Trend analysis: generalized flow normalization and trend decomposition (EGRET 3.0).

Implements runPairs, runGroups, and runSeries from the R EGRET package. These functions decompose water-quality trends into a concentration-discharge trend component (CQTC) — change in the C-Q relationship itself — and a discharge trend component (QTC) — change driven by shifts in the discharge distribution.

The key idea is generalized flow normalization: instead of averaging across the entire historical discharge distribution (stationary FN), the discharge distribution is restricted to a sliding window of 2 * window_side + 1 years centred on the target year.

bin_qs_windowed(daily, center_year, window_side)

Group historical log-discharge by day-of-year within a time window.

Like :func:~wrtds.flow_norm.bin_qs but restricted to years within [center_year - window_side, center_year + window_side].

Parameters:

Name Type Description Default
daily

Populated daily DataFrame.

required
center_year

Centre year of the window (integer or decimal year).

required
window_side

Half-width of the window in years.

required

Returns:

Type Description

Dict mapping {day_of_year: np.array of LogQ values}.

Source code in wrtds/trends.py
def bin_qs_windowed(daily, center_year, window_side):
    """Group historical log-discharge by day-of-year within a time window.

    Like :func:`~wrtds.flow_norm.bin_qs` but restricted to years within
    ``[center_year - window_side, center_year + window_side]``.

    Args:
        daily: Populated daily DataFrame.
        center_year: Centre year of the window (integer or decimal year).
        window_side: Half-width of the window in years.

    Returns:
        Dict mapping ``{day_of_year: np.array of LogQ values}``.
    """
    dec_year = daily['DecYear'].values
    mask = (dec_year >= center_year - window_side) & (dec_year <= center_year + window_side)
    return bin_qs(daily.loc[mask])

run_pairs(sample, daily, year1, year2, window_side=7, pa_start=10, pa_long=12, fit_params=None)

Compare flow-normalised values between two specific years.

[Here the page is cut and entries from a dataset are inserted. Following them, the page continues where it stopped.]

lemma cosh_pow_integral_shift:
  "cosh_pow_integral m (\<sigma> - h) (\<tau> - h)
    = (\<integral>\<^sup>+ x. ennreal (cosh (x - h) ^ m) * indicator {\<sigma>..\<tau>} x \<partial>lborel)"
proof -
  have "cosh_pow_integral m (\<sigma> - h) (\<tau> - h) = ennreal \<bar>1\<bar> * (\<integral>\<^sup>+ x. ennreal (cosh (-h + 1 * x) ^ m)
      * indicator {\<sigma> - h..\<tau> - h} (-h + 1 * x) \<partial>lborel)"
    unfolding cosh_pow_integral_def by (rule nn_integral_real_affine) auto
  also have "\<dots> = (\<integral>\<^sup>+ x. ennreal (cosh (x - h) ^ m) * indicator {\<sigma>..\<tau>} x \<partial>lborel)"
    by (auto intro!: nn_integral_cong split: split_indicator)
  finally show ?thesis .
qed

lemma cosh_pow_integral_reflect: "cosh_pow_integral m (-\<tau>) (-\<sigma>) = cosh_pow_integral m \<sigma> \<tau>"
proof -
  have "cosh_pow_integral m (-\<tau>) (-\<sigma>) = ennreal \<bar>-1\<bar> * (\<integral>\<^sup>+ x. ennreal (cosh (0 + (-1) * x) ^ m)
      * indicator {-\<tau>..-\<sigma>} (0 + (-1) * x) \<partial>lborel)"
    unfolding cosh_pow_integral_def by (rule nn_integral_real_affine) auto
  also have "\<dots> = cosh_pow_integral m \<sigma> \<tau>"
    unfolding cosh_pow_integral_def by (auto intro!: nn_integral_cong split: split_indicator)
  finally show ?thesis .
qed

lemma cosh_pow_integral_ge_length:
  assumes "\<sigma> \<le> \<tau>"
  shows "ennreal (\<tau> - \<sigma>) \<le> cosh_pow_integral m \<sigma> \<tau>"
proof -
  have "ennreal (\<tau> - \<sigma>) = (\<integral>\<^sup>+ s. indicator {\<sigma>..\<tau>} s \<partial>lborel)" using assms by simp
  also have "\<dots> \<le> cosh_pow_integral m \<sigma> \<tau>"
    unfolding cosh_pow_integral_def
    by (intro nn_integral_mono) (auto simp: one_le_power[OF cosh_real_ge_1] split: split_indicator)
  finally show ?thesis .
qed

definition cosh_decay :: real where
  "cosh_decay = 1 / cosh (1/2)"

lemma cosh_decay_bounds: "0 < cosh_decay" "cosh_decay < 1"
proof -
  have "cosh 0 < cosh (1/2::real)" by (subst cosh_real_nonneg_less_iff) auto
  thus "0 < cosh_decay" "cosh_decay < 1" by (auto simp: cosh_decay_def)
qed

lemma cosh_pow_shift_le:
  assumes "1/2 \<le> u" and "1 \<le> m"
  shows "cosh (u - 1/2) ^ m \<le> cosh_decay * cosh u ^ m"
proof -
  define h :: real where "h = 1/2"
  have "0 \<le> sinh (u - h)" using assms(1) by (simp add: h_def)
  hence le: "cosh u * sinh h \<le> sinh u * cosh h" by (simp add: sinh_diff)
  have "cosh (u - h) * cosh h = cosh u * (cosh h)\<^sup>2 - sinh u * sinh h * cosh h"
    by (simp add: cosh_diff power2_eq_square algebra_simps)
  also have "\<dots> = cosh u * ((sinh h)\<^sup>2 + 1) - sinh u * sinh h * cosh h"
    by (simp only: cosh_square_eq)
  also have "\<dots> = cosh u + sinh h * (cosh u * sinh h - sinh u * cosh h)"
    by (simp add: algebra_simps power2_eq_square)
  also have "\<dots> \<le> cosh u" using le by (simp add: h_def mult_le_0_iff)
  finally have "cosh (u - h) * cosh h \<le> cosh u" .
  hence "cosh (u - 1/2) \<le> cosh_decay * cosh u" by (simp add: cosh_decay_def h_def field_simps)
  hence "cosh (u - 1/2) ^ m \<le> cosh_decay ^ m * cosh u ^ m"
    by (metis power_mono power_mult_distrib cosh_real_nonneg)
  also have "\<dots> \<le> cosh_decay * cosh u ^ m"
    using power_decreasing[of 1 m cosh_decay] cosh_decay_bounds assms(2) by (intro mult_right_mono) auto
  finally show ?thesis .
qed

text \<open>The factor 2 serves intervals \<open>[0, s]\<close> with \<open>s \<le> 1\<close>; \<open>1 / (1 - cosh_decay)\<close> sums the
  geometric decay over longer ones.\<close>

definition ends_const :: real where
  "ends_const = max 2 (1 / (1 - cosh_decay))"

lemma ends_const: "2 \<le> ends_const" "ends_const * cosh_decay + 1 \<le> ends_const"
proof -
  show "2 \<le> ends_const" by (simp add: ends_const_def)
  have "1 / (1 - cosh_decay) \<le> ends_const" by (simp add: ends_const_def)
  thus "ends_const * cosh_decay + 1 \<le> ends_const"
    using cosh_decay_bounds by (simp add: field_simps)
qed

lemma ennreal_mult_right_mono_const: "c \<le> d \<Longrightarrow> ennreal c * x \<le> ennreal d * x"
  by (intro mult_right_mono ennreal_leI) auto

lemma cosh_pow_integral_block_le:
  assumes "1 \<le> s" "1 \<le> m"
  shows "cosh_pow_integral m (s - 1) (s - 1/2) \<le> ennreal cosh_decay * cosh_pow_integral m (s - 1/2) s"
proof -
  have "cosh_pow_integral m (s - 1) (s - 1/2) = cosh_pow_integral m ((s - 1/2) - 1/2) (s - 1/2)" by simp
  also have "\<dots> = (\<integral>\<^sup>+ x. ennreal (cosh (x - 1/2) ^ m) * indicator {s - 1/2..s} x \<partial>lborel)"
    by (rule cosh_pow_integral_shift)
  also have "\<dots> \<le> (\<integral>\<^sup>+ x. ennreal cosh_decay * (ennreal (cosh x ^ m) * indicator {s - 1/2..s} x) \<partial>lborel)"
    using assms cosh_pow_shift_le cosh_decay_bounds
    by (intro nn_integral_mono) (auto simp: ennreal_mult[symmetric] split: split_indicator)
  also have "\<dots> = ennreal cosh_decay * cosh_pow_integral m (s - 1/2) s"
    unfolding cosh_pow_integral_def by (rule nn_integral_cmult) auto
  finally show ?thesis .
qed

lemma cosh_pow_integral_initial_le:
  assumes "s \<le> 1"
  shows "cosh_pow_integral m 0 s \<le> 2 * cosh_pow_integral m (s - 1/2) s"
proof (cases "s \<le> 1/2")
  case True
  hence "cosh_pow_integral m 0 s \<le> cosh_pow_integral m (s - 1/2) s"
    by (intro cosh_pow_integral_mono) auto
  thus ?thesis by (simp add: mult_2 add_increasing2)
next
  case False
  have "cosh_pow_integral m 0 (s - 1/2) = cosh_pow_integral m (1/2 - 1/2) (s - 1/2)" by simp
  also have "\<dots> = (\<integral>\<^sup>+ x. ennreal (cosh (x - 1/2) ^ m) * indicator {1/2..s} x \<partial>lborel)"
    by (rule cosh_pow_integral_shift)
  also have "\<dots> \<le> cosh_pow_integral m (s - 1/2) s"
    unfolding cosh_pow_integral_def using assms
    by (intro nn_integral_mono)
      (auto intro!: power_mono ennreal_leI simp: cosh_real_nonneg_le_iff split: split_indicator)
  finally have "cosh_pow_integral m 0 (s - 1/2) \<le> cosh_pow_integral m (s - 1/2) s" .
  hence "cosh_pow_integral m 0 s \<le> cosh_pow_integral m (s - 1/2) s + cosh_pow_integral m (s - 1/2) s"
    using cosh_pow_integral_split[of m 0 s "s - 1/2"] by (meson add_right_mono order_trans)
  thus ?thesis by (simp add: mult_2)
qed

text \<open>On \<open>[0, s]\<close> the weight \<open>cosh\<^sup>m\<close> decays geometrically (ratio \<open>cosh_decay\<close>) per half unit away
  from s, so the last half unit carries a fixed fraction of the mass.\<close>

lemma cosh_pow_integral_from_zero_step:
  assumes m: "1 \<le> m" and s: "1 \<le> s"
    and prev: "cosh_pow_integral m 0 (s - 1/2)
      \<le> ennreal ends_const * cosh_pow_integral m (s - 1/2 - 1/2) (s - 1/2)"
  shows "cosh_pow_integral m 0 s \<le> ennreal ends_const * cosh_pow_integral m (s - 1/2) s"
proof -
  let ?I = "cosh_pow_integral m (s - 1/2) s"
  have "cosh_pow_integral m 0 s \<le> cosh_pow_integral m 0 (s - 1/2) + ?I"
    by (rule cosh_pow_integral_split)
  also have "cosh_pow_integral m 0 (s - 1/2) \<le> ennreal ends_const * (ennreal cosh_decay * ?I)"
  proof -
    have "cosh_pow_integral m (s - 1/2 - 1/2) (s - 1/2) \<le> ennreal cosh_decay * ?I"
      using cosh_pow_integral_block_le[OF s m] by simp
    hence "ennreal ends_const * cosh_pow_integral m (s - 1/2 - 1/2) (s - 1/2)
        \<le> ennreal ends_const * (ennreal cosh_decay * ?I)" by (rule mult_left_mono) simp
    with prev show ?thesis by (rule order_trans)
  qed
  also have "ennreal ends_const * (ennreal cosh_decay * ?I) + ?I = ennreal (ends_const * cosh_decay + 1) * ?I"
    using ends_const cosh_decay_bounds by (simp add: ennreal_mult distrib_right mult.assoc ennreal_plus[symmetric])
  also have "\<dots> \<le> ennreal ends_const * ?I"
    by (rule ennreal_mult_right_mono_const[OF ends_const(2)])
  finally show ?thesis by (simp add: add_right_mono)
qed

lemma cosh_pow_integral_from_zero_le:
  assumes m: "1 \<le> m"
  shows "cosh_pow_integral m 0 s \<le> ennreal ends_const * cosh_pow_integral m (s - 1/2) s"
proof -
  have initial: "cosh_pow_integral m 0 s \<le> ennreal ends_const * cosh_pow_integral m (s - 1/2) s"
    if "s \<le> 1" for s
  proof -
    have "cosh_pow_integral m 0 s \<le> 2 * cosh_pow_integral m (s - 1/2) s"
      by (rule cosh_pow_integral_initial_le[OF that])
    also have "\<dots> \<le> ennreal ends_const * cosh_pow_integral m (s - 1/2) s"
      using ennreal_mult_right_mono_const[OF ends_const(1)] by simp
    finally show ?thesis .
  qed
  have bound: "\<forall>s. s \<le> real n / 2 \<longrightarrow>
      cosh_pow_integral m 0 s \<le> ennreal ends_const * cosh_pow_integral m (s - 1/2) s" for n
  proof (induction n)
    case 0
    show ?case by (intro allI impI initial) simp
  next
    case (Suc n)
    show ?case
    proof (intro allI impI)
      fix s :: real assume s: "s \<le> real (Suc n) / 2"
      show "cosh_pow_integral m 0 s \<le> ennreal ends_const * cosh_pow_integral m (s - 1/2) s"
      proof (cases "s \<le> 1")
        case True
        thus ?thesis by (rule initial)
      next
        case False
        have "s - 1/2 \<le> real n / 2" using s by simp
        hence "cosh_pow_integral m 0 (s - 1/2)
            \<le> ennreal ends_const * cosh_pow_integral m (s - 1/2 - 1/2) (s - 1/2)"
          by (rule Suc.IH[rule_format])
        moreover have "1 \<le> s" using False by simp
        ultimately show ?thesis using cosh_pow_integral_from_zero_step[OF m] by blast
      qed
    qed
  qed
  obtain n :: nat where "2 * s \<le> real n" using real_arch_simple by blast
  hence "s \<le> real n / 2" by simp
  thus ?thesis by (rule bound[rule_format])
qed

Estimates separate 1-year surfaces for year1 and year2, then decomposes the total change into a CQTC (concentration-discharge trend component) and a QTC (discharge trend component).

The notation xAB means:

  • A = which year's C-Q surface (1 = year1, 2 = year2)
  • B = which flow distribution (0 = stationary / full record, 1 = year1's window, 2 = year2's window)

Parameters:

Name Type Description Default
sample

Populated sample DataFrame.

required
daily

Populated daily DataFrame.

required
year1

First comparison year.

required
year2

Second comparison year.

required
window_side

Half-window for generalized flow normalisation (years). Use 0 for stationary flow normalisation only.

7
pa_start

Period of analysis start month (10 = water year).

10
pa_long

Period of analysis length in months.

12
fit_params

Dict of regression parameters (window_y, window_q, window_s, min_num_obs, min_num_uncen, edge_adjust).

None

Returns:

Type Description

DataFrame with index ['Conc', 'Flux'] and columns

['TotalChange', 'CQTC', 'QTC', 'x10', 'x11', 'x20', 'x22'].

Concentration in mg/L, flux in 10^6 kg/year.

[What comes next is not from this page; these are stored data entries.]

lemma cartan_weight_eq_iff:
  "(\<forall>X\<in>cartan k. (\<Sum>i<k. X (P i) (P i) * c i) = wt k \<chi> X) \<longleftrightarrow> (\<forall>i<k. c i = of_int (\<chi> i))"
proof
  assume eq: "\<forall>X\<in>cartan k. (\<Sum>i<k. X (P i) (P i) * c i) = wt k \<chi> X"
  show "\<forall>i<k. c i = of_int (\<chi> i)"
  proof (intro allI impI)
    fix j assume "j < k"
    then have "(\<Sum>i<k. cartan_basis j (P i) (P i) * c i) = wt k \<chi> (cartan_basis j)"
      using eq cartan_basis_in_cartan by blast
    moreover have "cartan_basis j (P i) (P i) = (if i = j then 1 else 0)" for i
      by (simp add: cartan_basis_def)
    ultimately show "c j = of_int (\<chi> j)"
      using \<open>j < k\<close> by (simp add: wt_def if_distrib if_distribR cong: if_cong)
  qed
qed (simp add: wt_def mult.commute)

lemma blkdeg_eq_sum_lessThan:
  assumes "Poly_Mapping.keys m \<subseteq> {..<e} \<times> B"
  shows "blkdeg m u = (\<Sum>a<e. Poly_Mapping.lookup m (a, u))"
proof -
  have "blkdeg m u = sum (Poly_Mapping.lookup m) ({..<e} \<times> {u})"
    unfolding blkdeg_def
  proof (rule sum.mono_neutral_left)
    show "{v \<in> Poly_Mapping.keys m. snd v = u} \<subseteq> {..<e} \<times> {u}"
      using assms by auto
  qed (auto simp: in_keys_iff)
  also have "\<dots> = (\<Sum>a<e. Poly_Mapping.lookup m (a, u))"
    by (simp add: sum.cartesian_product')
  finally show ?thesis .
qed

Source code in wrtds/trends.py
def run_pairs(
    sample,
    daily,
    year1,
    year2,
    window_side=7,
    pa_start=10,
    pa_long=12,
    fit_params=None,
):
    """Compare flow-normalised values between two specific years.

    Estimates separate 1-year surfaces for *year1* and *year2*, then
    decomposes the total change into a **CQTC** (concentration-discharge
    trend component) and a **QTC** (discharge trend component).

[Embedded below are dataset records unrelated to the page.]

(* For the step set $\mathcal A$ and for both $t_0=\tfrac12$ and $t_0=-\tfrac12$, $$Q_{\mathcal A}(x,0,t_0)=\sum_{n\ge0}\frac{T_n}{4^n}x^{2n},$$ where $(T_n)_{n\ge0}=(1,2,16,272,7936,\dots)$ is the sequence of tangent numbers, defined by $\tan x=\sum_{n\ge0}T_n\frac{x^{2n+1}}{(2n+1)!}$. Equivalently, $$Q_{\mathcal A}(x,0,\tfrac12)=2\sum_{n\ge0}(2^{2n+2}-1)\frac{(-1)^n}{n+1}B_{2n+2}x^{2n},$$ where $(B_n)_{n\ge0}$ are the Bernoulli numbers.
   Context: Let $\mathbb N=\{0,1,2,\dots\}$ and $\mathcal A=\{(-1,1),(1,1),(1,-1)\}$. $\#_{\mathcal A}\{(0,0)\xrightarrow{n}(i,j)\}$ is the number of sequences $p_0=(0,0),p_1,\dots,p_n=(i,j)$ of points of $\mathbb N^2$ with $p_m-p_{m-1}\in\mathcal A$. For $t_0\in\{\tfrac12,-\tfrac12\}$, $Q_{\mathcal A}(x,0,t_0)=\sum_{i\ge0}\big(\sum_{n\ge0}\#_{\mathcal A}\{(0,0)\xrightarrow{n}(i,0)\}t_0^n\big)x^i$ (the inner series converge). Bernoulli numbers are defined by $\sum_{n\ge0}B_n\frac{x^n}{n!}=\frac{x}{e^x-1}$. *)

theory Defs
  imports Complex_Main
begin

definition stepsA :: "(int \<times> int) set" where
  "stepsA = {(-1, 1), (1, 1), (1, -1)}"

text \<open>Walks p_0 = (0,0), ..., p_n = (i,j) in N^2 with steps in A, encoded as
  functions nat => nat x nat that are constantly (0,0) after index n
  (this padding makes the encoding a bijection with the walks).\<close>
definition walks :: "nat \<Rightarrow> nat \<times> nat \<Rightarrow> (nat \<Rightarrow> nat \<times> nat) set" where
  "walks n q = {p. p 0 = (0, 0) \<and> p n = q \<and>
      (\<forall>m\<in>{1..n}. (int (fst (p m)) - int (fst (p (m - 1))),
                    int (snd (p m)) - int (snd (p (m - 1)))) \<in> stepsA) \<and>
      (\<forall>m>n. p m = (0, 0))}"

definition num_walks :: "nat \<Rightarrow> nat \<times> nat \<Rightarrow> nat" where
  "num_walks n q = card (walks n q)"

definition tangent_number :: "nat \<Rightarrow> real" where
  "tangent_number = (THE T. \<exists>\<epsilon>>0. \<forall>x::real. \<bar>x\<bar> < \<epsilon> \<longrightarrow>
      (\<lambda>n. T n * x ^ (2 * n + 1) / fact (2 * n + 1)) sums tan x)"

definition bernoulli_num :: "nat \<Rightarrow> real" where
  "bernoulli_num = (THE B. \<exists>\<epsilon>>0. \<forall>x::real. x \<noteq> 0 \<and> \<bar>x\<bar> < \<epsilon> \<longrightarrow>
      (\<lambda>n. B n * x ^ n / fact n) sums (x / (exp x - 1)))"

end

(*
  At t = 1/2 the numbers G q = (\<Sum>n. #{walks of length n to q} / 2^n) satisfy
    G q = [q = 0] + 1/2 * (sum of G over the predecessors of q).
  No step decreases x + y, and on the anti-diagonal x + y = s this equation prescribes the second
  difference of x \<mapsto> G (x, s - x) in terms of the anti-diagonal s - 2. A discrete maximum principle
  on each anti-diagonal shows that the equation has at most one solution and that every solution
  is nonnegative; the partial sums of the walk series are then dominated by it, so the series
  converges to the solution. An explicit solution is a binomial sum in the numbers g_a given by
  \<Sum>k\<le>a. (-1)^k C(2a+2, 2k+1) g_k = 2, and G (i, 0) = G (0, i) = g_(i/2) because the step set is
  symmetric. That recurrence says (\<Sum>k. g_k x^(2k+1)/(2k+1)!) * sin x = 2 - 2 cos x, so the series
  is 2 tan (x/2) and g_k = T_k / 4^k; with sinh and cosh it is 2 tanh (x/2). At t = -1/2 only the
  sign (-1)^i appears, as a walk of length n ends at an abscissa of the parity of n.
  For the Bernoulli form, the power series F with the claimed coefficients satisfies
  F x - F (2x) = x / (e^x + 1) by the tanh series, and so does x / (e^x - 1); the difference of the
  two is invariant under doubling and tends to 0 at 0, hence vanishes.
*)
theory Submission
  imports Defs
begin

declare binomial_Suc_Suc [simp del]

section \<open>Walks and their last step\<close>

definition preds :: "nat \<times> nat \<Rightarrow> (nat \<times> nat) set" where
  "preds q = {r. (int (fst q) - int (fst r), int (snd q) - int (snd r)) \<in> stepsA}"

lemma preds_eq:
  "preds (x, y) =
     (if 0 < y then {(x + 1, y - 1)} else {}) \<union>
     (if 0 < x \<and> 0 < y then {(x - 1, y - 1)} else {}) \<union>
     (if 0 < x then {(x - 1, y + 1)} else {})"
  unfolding preds_def stepsA_def by (auto split: if_splits)

lemma finite_preds: "finite (preds q)"
  by (cases q) (simp add: preds_eq)

lemma walks_0: "walks 0 q = (if q = (0, 0) then {\<lambda>_. (0, 0)} else {})"
  unfolding walks_def by (auto simp: fun_eq_iff) (metis neq0_conv)

lemma bij_betw_walks_Suc:
  "bij_betw (\<lambda>p. (p n, p(Suc n := (0, 0)))) (walks (Suc n) q) (SIGMA r:preds q. walks n r)"
proof (rule bij_betw_byWitness [where f' = "\<lambda>(r, p). p(Suc n := q)"])
  show "\<forall>p\<in>walks (Suc n) q. (case (p n, p(Suc n := (0, 0))) of (r, p') \<Rightarrow> p'(Suc n := q)) = p"
    by (auto simp: walks_def)
  show "\<forall>w\<in>SIGMA r:preds q. walks n r.
      ((case w of (r, p) \<Rightarrow> p(Suc n := q)) n, (case w of (r, p) \<Rightarrow> p(Suc n := q))(Suc n := (0, 0)))
      = w"
    by (auto simp: walks_def)
  show "(\<lambda>p. (p n, p(Suc n := (0, 0)))) ` walks (Suc n) q \<subseteq> (SIGMA r:preds q. walks n r)"
  proof
    fix w assume "w \<in> (\<lambda>p. (p n, p(Suc n := (0, 0)))) ` walks (Suc n) q"
    then obtain p where p: "p \<in> walks (Suc n) q" and w: "w = (p n, p(Suc n := (0, 0)))"
      by blast
    from p have "p n \<in> preds q"
      unfolding walks_def preds_def by (auto dest!: bspec [of _ _ "Suc n"])
    moreover have "p(Suc n := (0, 0)) \<in> walks n (p n)"
      using p unfolding walks_def by auto
    ultimately show "w \<in> (SIGMA r:preds q. walks n r)"
      using w by simp
  qed
  show "(\<lambda>(r, p). p(Suc n := q)) ` (SIGMA r:preds q. walks n r) \<subseteq> walks (Suc n) q"
    by (force simp: walks_def preds_def)
qed

lemma finite_walks: "finite (walks n q)"
proof (induction n arbitrary: q)
  case 0
  then show ?case by (simp add: walks_0)
next
  case (Suc n)
  then show ?case
    using bij_betw_walks_Suc[of n q] finite_preds by (simp add: bij_betw_finite)
qed

lemma num_walks_0: "num_walks 0 q = (if q = (0, 0) then 1 else 0)"
  by (simp add: num_walks_def walks_0)

lemma num_walks_Suc: "num_walks (Suc n) q = (\<Sum>r\<in>preds q. num_walks n r)"
  unfolding num_walks_def
  by (simp add: bij_betw_same_card [OF bij_betw_walks_Suc] card_SigmaI finite_preds finite_walks)

lemma num_walks_parity: "num_walks n q \<noteq> 0 \<Longrightarrow> even (n + fst q)"
proof (induction n arbitrary: q)
  case 0
  then show ?case by (simp add: num_walks_0 split: if_splits)
next
  case (Suc n)
  then have "(\<Sum>r\<in>preds q. num_walks n r) \<noteq> 0"
    by (simp add: num_walks_Suc)
  then obtain r where "r \<in> preds q" and "num_walks n r \<noteq> 0"
    by (rule sum.not_neutral_contains_not_neutral)
  then have "even (n + fst r)" and "fst q = fst r + 1 \<or> fst r = fst q + 1"
    using Suc.IH unfolding preds_def stepsA_def by auto
  then show ?case by auto
qed

section \<open>The walk equation at \<open>t = 1/2\<close>\<close>

lemma path_superharmonic_nonneg:
  fixes d :: "nat \<Rightarrow> real"
  assumes super: "\<And>x. x \<le> s \<Longrightarrow>
      (if x < s then d (x + 1) else 0) + (if 0 < x then d (x - 1) else 0) \<le> 2 * d x"
    and "x \<le> s"
  shows "0 \<le> d x"
proof -
  \<comment> \<open>\<open>d x / (x + 1)\<close> is non-increasing, and the value beyond \<open>s\<close> is 0\<close>
  have ratio: "real (x + 1) * (if x < s then d (x + 1) else 0) \<le> real (x + 2) * d x"
    if "x \<le> s" for x
    using that
  proof (induction x)
    case 0
    then show ?case using super[of 0] by simp
  next
    case (Suc m)
    then have "real (m + 1) * d (m + 1) \<le> real (m + 2) * d m"
      by simp
    moreover have "real (m + 2) * ((if Suc m < s then d (Suc m + 1) else 0) + d m)
        \<le> real (m + 2) * (2 * d (Suc m))"
      using super[of "Suc m"] Suc.prems by (intro mult_left_mono) auto
    ultimately show ?case
      by (simp add: algebra_simps)
  qed
  show ?thesis
    using \<open>x \<le> s\<close>
  proof (induction rule: inc_induct)
    case base
    show ?case using ratio[of s] by (simp add: zero_le_mult_iff)
  next
    case (step n)
    then have "0 \<le> real (n + 1) * d (n + 1)" by simp
    also have "\<dots> \<le> real (n + 2) * d n" using ratio[of n] step.hyps by simp
    finally show ?case by (simp add: zero_le_mult_iff)
  qed
qed

fun predecessor_sum :: "(nat \<times> nat \<Rightarrow> real) \<Rightarrow> nat \<times> nat \<Rightarrow> real" where
  "predecessor_sum f (x, y) =
     (if 0 < y then f (x + 1, y - 1) else 0) +
     (if 0 < x \<and> 0 < y then f (x - 1, y - 1) else 0) +
     (if 0 < x then f (x - 1, y + 1) else 0)"

lemma sum_preds: "(\<Sum>r\<in>preds q. f r) = predecessor_sum f q"
proof (cases q)
  case (Pair x y)
  then show ?thesis
    by (cases "x = 0"; cases "y = 0") (auto simp: preds_eq)
qed

lemma predecessor_sum_diff: "predecessor_sum (\<lambda>r. f r - g r) q = predecessor_sum f q - predecessor_sum g q"
  by (cases q) simp

lemma predecessor_sum_on_diagonal:
  assumes "x \<le> s"
  shows "predecessor_sum f (x, s - x) =
    (if x < s then f (x + 1, s - (x + 1)) else 0) +
    (if 0 < x \<and> x < s then f (x - 1, s - x - 1) else 0) +
    (if 0 < x then f (x - 1, s - (x - 1)) else 0)"
  using assms by (auto simp: Suc_diff_Suc Suc_diff_le)

lemma predecessor_sum_superharmonic_nonneg:
  assumes super: "\<And>q. predecessor_sum f q \<le> 2 * f q"
  shows "0 \<le> f q"
proof -
  have "\<forall>x y. x + y = s \<longrightarrow> 0 \<le> f (x, y)" for s
  proof (induction s rule: less_induct)
    case (less s)
    have lower: "0 \<le> f (x - 1, s - x - 1)" if "0 < x" "x < s" for x
      using less[of "x - 1 + (s - x - 1)"] that by auto
    have "0 \<le> f (x, s - x)" if "x \<le> s" for x
    proof (rule path_superharmonic_nonneg [where d = "\<lambda>x. f (x, s - x)"])
      fix x assume "x \<le> s"
      then show "(if x < s then f (x + 1, s - (x + 1)) else 0) +
          (if 0 < x then f (x - 1, s - (x - 1)) else 0) \<le> 2 * f (x, s - x)"
        using super[of "(x, s - x)"] predecessor_sum_on_diagonal[of x s f] lower[of x]
        by (auto split: if_splits)
    qed (fact that)
    then show ?case by (metis add_diff_cancel_left' le_add1)
  qed
  then show ?thesis by (cases q) auto
qed

definition solves_walk_eq :: "(nat \<times> nat \<Rightarrow> real) \<Rightarrow> bool" where
  "solves_walk_eq f \<longleftrightarrow> (\<forall>q. f q = (if q = (0, 0) then 1 else 0) + predecessor_sum f q / 2)"

lemma solves_walk_eqD:
  "solves_walk_eq f \<Longrightarrow> f q = (if q = (0, 0) then 1 else 0) + predecessor_sum f q / 2"
  unfolding solves_walk_eq_def by blast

    The notation ``xAB`` means:

    - **A** = which year's C-Q surface (1 = year1, 2 = year2)
    - **B** = which flow distribution (0 = stationary / full record,
      1 = year1's window, 2 = year2's window)

    Args:
        sample: Populated sample DataFrame.
        daily: Populated daily DataFrame.
        year1: First comparison year.
        year2: Second comparison year.
        window_side: Half-window for generalized flow normalisation (years).
            Use 0 for stationary flow normalisation only.
        pa_start: Period of analysis start month (10 = water year).
        pa_long: Period of analysis length in months.
        fit_params: Dict of regression parameters
            (``window_y``, ``window_q``, ``window_s``, ``min_num_obs``,
            ``min_num_uncen``, ``edge_adjust``).

    Returns:
        DataFrame with index ``['Conc', 'Flux']`` and columns
        ``['TotalChange', 'CQTC', 'QTC', 'x10', 'x11', 'x20', 'x22']``.
        Concentration in mg/L, flux in 10^6 kg/year.
    """
    if fit_params is None:
        fit_params = {
            'window_y': 7, 'window_q': 2, 'window_s': 0.5,
            'min_num_obs': 100, 'min_num_uncen': 50, 'edge_adjust': True,
        }

    # 1. Water year bounds in decimal years for surface grids
    start1, end1 = _water_year_dates(year1, pa_start, pa_long)
    start2, end2 = _water_year_dates(year2, pa_start, pa_long)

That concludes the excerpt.